Accordingly, the number of the first and second electrodes,nthe dimensional unitary matrix can be expressed as:V T(n)=DR T (n)R T (n-1)…R T (2) Accordingly, the method can be realized by cascading MZI structuresnA dimensional unitary matrix.
In addition, diagonal matrixΣOnly control of each diagonal element is required and can therefore be achieved with an optical attenuator based on the MZI structure.mA parallel optical attenuatormAnd programming a dimension diagonal matrix. The structure of a single optical attenuator is shown in fig. 6, and the input and output of the drop are blocked as shown in fig. 6. When the input light intensity isEWhile the output light intensity is attenuated toEcos2θ
In accordance with the principles described above, a 6-input 6-output programmable optical structure as shown in FIG. 2 can be implemented. If the simplest 2-layer fully-connected neural network is constructed for realizing the classification and identification functions, the whole network comprises an input layer, a hidden layer and an output layer. The input layer is a feature vector extracted from the target to be classified, and contains 6 elements. The two weight matrices between the layers are shown in fig. 7, and fig. 7 only illustrates the two weight matrices, and the layers are not shown.

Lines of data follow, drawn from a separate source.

lemma has_integral_Beta_binomial:
  fixes p q :: real
  assumes "p > 0" "q > 0"
  shows "((\<lambda>t. t powr (p - 1) * (1 - t) powr (q - 1) * (1 - t * (1 - t)) ^ k) has_integral
           (\<Sum>j\<le>k. (-1) ^ j * real (k choose j) * Beta (p + j) (q + j))) {0<..<1}"
proof -
  have sum_int: "((\<lambda>t. \<Sum>j\<le>k. (-1) ^ j * real (k choose j) *
                              (t powr (p + j - 1) * (1 - t) powr (q + j - 1)))
          has_integral (\<Sum>j\<le>k. (-1) ^ j * real (k choose j) * Beta (p + j) (q + j))) {0<..<1}"
  proof (intro has_integral_sum has_integral_mult_right)
    show "((\<lambda>t. t powr (p + j - 1) * (1 - t) powr (q + j - 1)) has_integral Beta (p + j) (q + j))
            {0<..<1}" for j :: nat
      by (rule has_integral_Beta_real[unfolded has_integral_Icc_iff_Ioo]) (use assms in auto)
  qed simp
  have pointwise: "t powr (p - 1) * (1 - t) powr (q - 1) * (1 - t * (1 - t)) ^ k
      = (\<Sum>j\<le>k. (-1) ^ j * real (k choose j) * (t powr (p + j - 1) * (1 - t) powr (q + j - 1)))"
    if "t \<in> {0<..<1}" for t
  proof -
    have t: "0 < t" "0 < 1 - t" using that by auto
    have powr_shift: "u powr (r + j - 1) = u powr (r - 1) * u ^ j" if "u > 0" for u r :: real and j
    proof -
      have "u powr (r + j - 1) = u powr ((r - 1) + real j)" by (simp add: algebra_simps)
      also have "\<dots> = u powr (r - 1) * u ^ j" using that by (simp only: powr_add powr_realpow)
      finally show ?thesis .
    qed
    have expand: "(1 - t * (1 - t)) ^ k = (\<Sum>j\<le>k. real (k choose j) * (- (t * (1 - t))) ^ j)"
      using binomial_ring[of "- (t * (1 - t))" 1 k] by simp
    have summand: "t powr (p - 1) * (1 - t) powr (q - 1) * (real (k choose j) * (- (t * (1 - t))) ^ j)
        = (-1) ^ j * real (k choose j) * (t powr (p + j - 1) * (1 - t) powr (q + j - 1))" for j
      unfolding powr_shift[OF t(1)] powr_shift[OF t(2)] power_minus[of "t * (1 - t)"]
        power_mult_distrib
      by (simp only: mult_ac)
    show ?thesis
      unfolding expand sum_distrib_left by (rule sum.cong[OF refl summand])
  qed
  show ?thesis
    by (rule has_integral_cong[THEN iffD2, OF pointwise sum_int])
qed

lemma Beta_real_pos: "0 < a \<Longrightarrow> 0 < b \<Longrightarrow> 0 < Beta a (b :: real)"
  by (simp add: Beta_def)

lemma coef_binomial_moment:
  fixes d k :: nat and \<nu> \<mu> :: real
  assumes "d \<ge> 1" "\<nu> > k" "\<mu> > k"
  shows "(\<lambda>n. real (n choose k) * coef d \<nu> \<mu> n) sums
           (pochhammer (real d / 2) k / fact k / Beta \<nu> \<mu> *
            (\<Sum>j\<le>k. (-1) ^ j * real (k choose j) * Beta (\<nu> - k + j) (\<mu> - k + j)))"
proof -
  define a where "a = real d / 2"
  define x where "x t = 1 - t + t\<^sup>2" for t :: real
  define g where "g t = t powr (\<mu> + a - 1) * (1 - t) powr (\<nu> + a - 1) * x t ^ k" for t
  define M where "M = (\<Sum>j\<le>k. (-1) ^ j * real (k choose j) * Beta (\<nu> - k + j) (\<mu> - k + j))"
  have "a > 0" using assms(1) by (simp add: a_def)
  have x: "x t = 1 - t * (1 - t)" for t by (simp add: x_def power2_eq_square algebra_simps)
  have x_range: "0 \<le> x t \<and> x t < 1" if "t \<in> {0<..<1}" for t
    using that by (auto simp: x_def power2_eq_square intro: add_nonneg_nonneg mult_strict_right_mono)
  have weight: "g t * (1 - x t) powr (-(a + k)) =
      t powr (\<mu> - k - 1) * (1 - t) powr (\<nu> - k - 1) * (1 - t * (1 - t)) ^ k"
    if "t \<in> {0<..<1}" for t
  proof -
    have "t > 0" "1 - t > 0" using that by auto
    have shift: "u powr (e + a - 1) * u powr (-(a + k)) = u powr (e - k - 1)" for u e :: real
    proof -
      have "u powr (e + a - 1) * u powr (-(a + k)) = u powr ((e + a - 1) + (-(a + k)))"
        by (rule powr_add[symmetric])
      also have "(e + a - 1) + (-(a + k)) = e - k - 1" by simp
      finally show ?thesis .
    qed
    have "(1 - x t) powr (-(a + k)) = t powr (-(a + k)) * (1 - t) powr (-(a + k))"
      using \<open>t > 0\<close> \<open>1 - t > 0\<close> by (simp add: x powr_mult)
    then show ?thesis
      using shift[of t \<mu>] shift[of "1 - t" \<nu>]
      by (simp add: g_def x mult_ac)
  qed
  have "((\<lambda>t. g t * (1 - x t) powr (-(a + k))) has_integral M) {0<..<1}"
  proof (rule has_integral_cong[THEN iffD2, OF weight])
    show "((\<lambda>t. t powr (\<mu> - k - 1) * (1 - t) powr (\<nu> - k - 1) * (1 - t * (1 - t)) ^ k)
            has_integral M) {0<..<1}"
      using has_integral_Beta_binomial[of "\<mu> - k" "\<nu> - k" k] assms
      by (simp add: M_def Beta_commute)
  qed
  then have "(\<lambda>n. pochhammer (a + k) n / fact n * integral {0..1} (\<lambda>t. g t * x t ^ n)) sums M"
    using \<open>a > 0\<close> x_range
    by (intro sums_integral_pochhammer_series) (auto simp: g_def x_def intro!: continuous_intros)
  then have "(\<lambda>n. pochhammer a k / fact k / Beta \<nu> \<mu> *
      (pochhammer (a + k) n / fact n * integral {0..1} (\<lambda>t. g t * x t ^ n))) sums
      (pochhammer a k / fact k / Beta \<nu> \<mu> * M)"
    by (rule sums_mult)
  moreover have "pochhammer a k / fact k / Beta \<nu> \<mu> *
      (pochhammer (a + k) n / fact n * integral {0..1} (\<lambda>t. g t * x t ^ n))
      = real ((n + k) choose k) * coef d \<nu> \<mu> (n + k)" for n
  proof -
    define J where "J = integral {0..1} (\<lambda>t. g t * x t ^ n)"
    have "real ((n + k) choose k) * coef d \<nu> \<mu> (n + k)
        = real ((n + k) choose k) * (pochhammer a (n + k) / fact (n + k)) * J / Beta \<nu> \<mu>"
      by (simp add: coef_def J_def g_def x_def a_def power_add mult_ac)
    also have "\<dots> = pochhammer a k / fact k * (pochhammer (a + k) n / fact n) * J / Beta \<nu> \<mu>"
      by (simp only: binomial_times_pochhammer_over_fact)
    finally show ?thesis
      by (simp add: J_def divide_inverse mult_ac)
  qed
  ultimately have "(\<lambda>n. real ((n + k) choose k) * coef d \<nu> \<mu> (n + k)) sums
      (pochhammer a k / fact k / Beta \<nu> \<mu> * M)"
    by simp
  then show ?thesis
    by (subst (asm) sums_zero_iff_shift) (simp_all add: a_def M_def)
qed

lemma two_times_choose_two: "2 * real (n choose 2) = real n * (real n - 1)"
  by (induction n) (auto simp: numeral_2_eq_2 algebra_simps)

lemma sums_variance_from_factorial_moments:
  fixes p :: "nat \<Rightarrow> real"
  assumes "p sums 1" "(\<lambda>n. real n * p n) sums m" "(\<lambda>n. real (n choose 2) * p n) sums s"
  shows "(\<lambda>n. (real n - m)\<^sup>2 * p n) sums (2 * s + m - m\<^sup>2)"
proof -
  have moments: "(\<lambda>n. 2 * (real (n choose 2) * p n) + (1 - 2 * m) * (real n * p n) + m\<^sup>2 * p n) sums
      (2 * s + (1 - 2 * m) * m + m\<^sup>2 * 1)"
    by (intro sums_add sums_mult assms)
  have square: "2 * (real (n choose 2) * p n) + (1 - 2 * m) * (real n * p n) + m\<^sup>2 * p n
      = (real n - m)\<^sup>2 * p n" for n
  proof -
    have "2 * (real (n choose 2) * p n) = real n * (real n - 1) * p n"
      using two_times_choose_two[of n] by simp
    then show ?thesis by (simp add: power2_eq_square algebra_simps)
  qed
  from moments have "(\<lambda>n. (real n - m)\<^sup>2 * p n) sums (2 * s + (1 - 2 * m) * m + m\<^sup>2 * 1)"
    by (simp only: square)
  then show ?thesis
    by (simp add: power2_eq_square algebra_simps)
qed

theorem theorem8:
  fixes d :: nat and \<nu> \<mu> :: real
  assumes "d \<ge> 1" and "\<nu> > 0" and "\<mu> > 0"
  shows "coef d \<nu> \<mu> sums 1 \<and>
         (\<nu> > 1 \<and> \<mu> > 1 \<longrightarrow>
           (\<lambda>n. real n * coef d \<nu> \<mu> n) sums
             (real d / 2 * (Beta (\<nu> - 1) (\<mu> - 1) / Beta \<nu> \<mu> - 1))) \<and>
         (\<nu> > 2 \<and> \<mu> > 2 \<longrightarrow>
           (\<lambda>n. (real n - real d / 2 * (Beta (\<nu> - 1) (\<mu> - 1) / Beta \<nu> \<mu> - 1))\<^sup>2
                 * coef d \<nu> \<mu> n) sums
             (real d / 4 * ((real d + 2) * (Beta (\<nu> - 2) (\<mu> - 2) / Beta \<nu> \<mu>)
                 - 2 * (Beta (\<nu> - 1) (\<mu> - 1) / Beta \<nu> \<mu>)
                 - real d * ((Beta (\<nu> - 1) (\<mu> - 1))\<^sup>2 / (Beta \<nu> \<mu>)\<^sup>2))))"
proof -
  have "0 < Beta \<nu> \<mu>" using assms by (intro Beta_real_pos)
  define r1 where "r1 = Beta (\<nu> - 1) (\<mu> - 1) / Beta \<nu> \<mu>"
  define r2 where "r2 = Beta (\<nu> - 2) (\<mu> - 2) / Beta \<nu> \<mu>"
  have total: "coef d \<nu> \<mu> sums 1"
    using coef_binomial_moment[of d 0 \<nu> \<mu>] assms \<open>0 < Beta \<nu> \<mu>\<close> by simp
  have mean: "(\<lambda>n. real n * coef d \<nu> \<mu> n) sums (real d / 2 * (r1 - 1))"
    if "\<nu> > 1" "\<mu> > 1"
    using coef_binomial_moment[of d 1 \<nu> \<mu>] assms that \<open>0 < Beta \<nu> \<mu>\<close>
    by (simp add: r1_def field_simps)
  have pairs: "(\<lambda>n. real (n choose 2) * coef d \<nu> \<mu> n) sums
      (real d / 2 * (real d / 2 + 1) / 2 * (r2 - 2 * r1 + 1))" if "\<nu> > 2" "\<mu> > 2"
    using coef_binomial_moment[of d 2 \<nu> \<mu>] assms that \<open>0 < Beta \<nu> \<mu>\<close>
    by (simp add: r1_def r2_def numeral_2_eq_2 pochhammer_Suc field_simps)
  have variance: "(\<lambda>n. (real n - real d / 2 * (r1 - 1))\<^sup>2 * coef d \<nu> \<mu> n) sums
      (real d / 4 * ((real d + 2) * r2 - 2 * r1 - real d * r1\<^sup>2))" if "\<nu> > 2" "\<mu> > 2"
  proof -
    have "\<nu> > 1" "\<mu> > 1" using that by auto
    have variance_eq: "real d / 4 * ((real d + 2) * r2 - 2 * r1 - real d * r1\<^sup>2)
        = 2 * (real d / 2 * (real d / 2 + 1) / 2 * (r2 - 2 * r1 + 1))
          + real d / 2 * (r1 - 1) - (real d / 2 * (r1 - 1))\<^sup>2"
      by (simp add: power2_eq_square field_simps)
    show ?thesis
      unfolding variance_eq
      by (rule sums_variance_from_factorial_moments
               [OF total mean[OF \<open>\<nu> > 1\<close> \<open>\<mu> > 1\<close>] pairs[OF that]])
  qed
  show ?thesis
    using total mean variance by (simp add: r1_def r2_def power_divide)
qed

end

Since the eigenvectors of the input layer contain 6 elements, two 6-dimensional weight matrices are requiredWAnd two non-linear activation functionsfThe method is used for completing two times of matrix-vector linear multiplication operations and two times of nonlinear operations. Wherein each weight matrixWDecomposition into two 6-dimensional unitary matrixes and one 6-dimensional diagonal matrix through singular valuesΣ. Unitary and diagonal matrices by photonicsAnd (5) computing chip operation.
Current unitary matrix decomposition methods include the Reck trigonometric decomposition and the Clements rectangular decomposition. In this embodiment, taking triangle decomposition as an example, the 6-dimensional unitary matrix can be decomposed into:
Figure 258738DEST_PATH_IMAGE006
specifically, the topology of the 6-dimensional unitary matrix is shown in fig. 4. Input laser signal fromT 65 TStart to propagateT 65 TIs thatT 65The transposition of (1) is equivalent to MZI reversal connection, and at the moment, an optical signal firstly passes through an external phase shifterR φ. By loading different phase values, sequential implementation can be realizedV 1 T(6),U 1(6),V 2 T(6) AndU 2(6). Nonlinear activation functionfThe operation is realized by software. Wherein the content of the first and second substances,fmay be a RelU, Sigmoid function, etc. For the classification identification network, the network is finally output through a normalized exponential function softmax.
In order to simplify the structure of the photon computing chip, only one computing structure corresponding to the 6-dimensional unitary matrix is arranged in the computing chip, and the structure is repeatedly used subsequently to finish the operation. Fig. 2 contains a computation structure corresponding to a 6-dimensional unitary matrix (i.e., the cascaded MZI structure shown in fig. 2) and a computation structure corresponding to a 6-dimensional diagonal matrix (i.e., the parallel optical attenuator structure shown in fig. 2). According to the structure shown in fig. 2, to complete a linear matrix-vector multiplication operation, a photon calculation chip needs to be processed twice.
The first calculation is as follows: editing phase shifter to realize unitary matrix structure of photon computing chipV 1 T(6) Implementation of diagonal matrix structureΣ 1. Second, the electro-optic modulator array encodes the input eigenvectorsxThe laser signal of (1), start the calculation. And then, collecting a first calculation result by using the photoelectric detector array, and temporarily storing the first calculation result in the memory.
And (3) calculating for the second time: editing phase shifter to make photon computing chip unitary matrix structure realNow thatU 1(6) The diagonal matrix structure implements a unit diagonal matrix. And secondly, loading the temporary storage data to the electro-optical modulator end to prepare for second calculation. Then, collecting the second calculation result by using a photoelectric detector, temporarily storing the second calculation result in an internal memory, and finishing a linear multiplication operation of a weight matrix and an input eigenvector at the momentW (1) x. Finally, completing the nonlinear operation at the electronic chip endz (1)=f(W (1) x) And the result is temporarily stored in the memory.
At this time, data enters the hidden layer from the input layer. The 2-layer fully-connected neural network needs to finish the operation again and carries out weight matrix-vector linear multiplication operationW (2)z(1)Finally, the channel with the maximum output power is identified by the photoelectric detector, namely, the object class is identified. If quantitative analysis is required, the softmax function can be calculated in software. At this time, data enters the output layer from the hidden layer.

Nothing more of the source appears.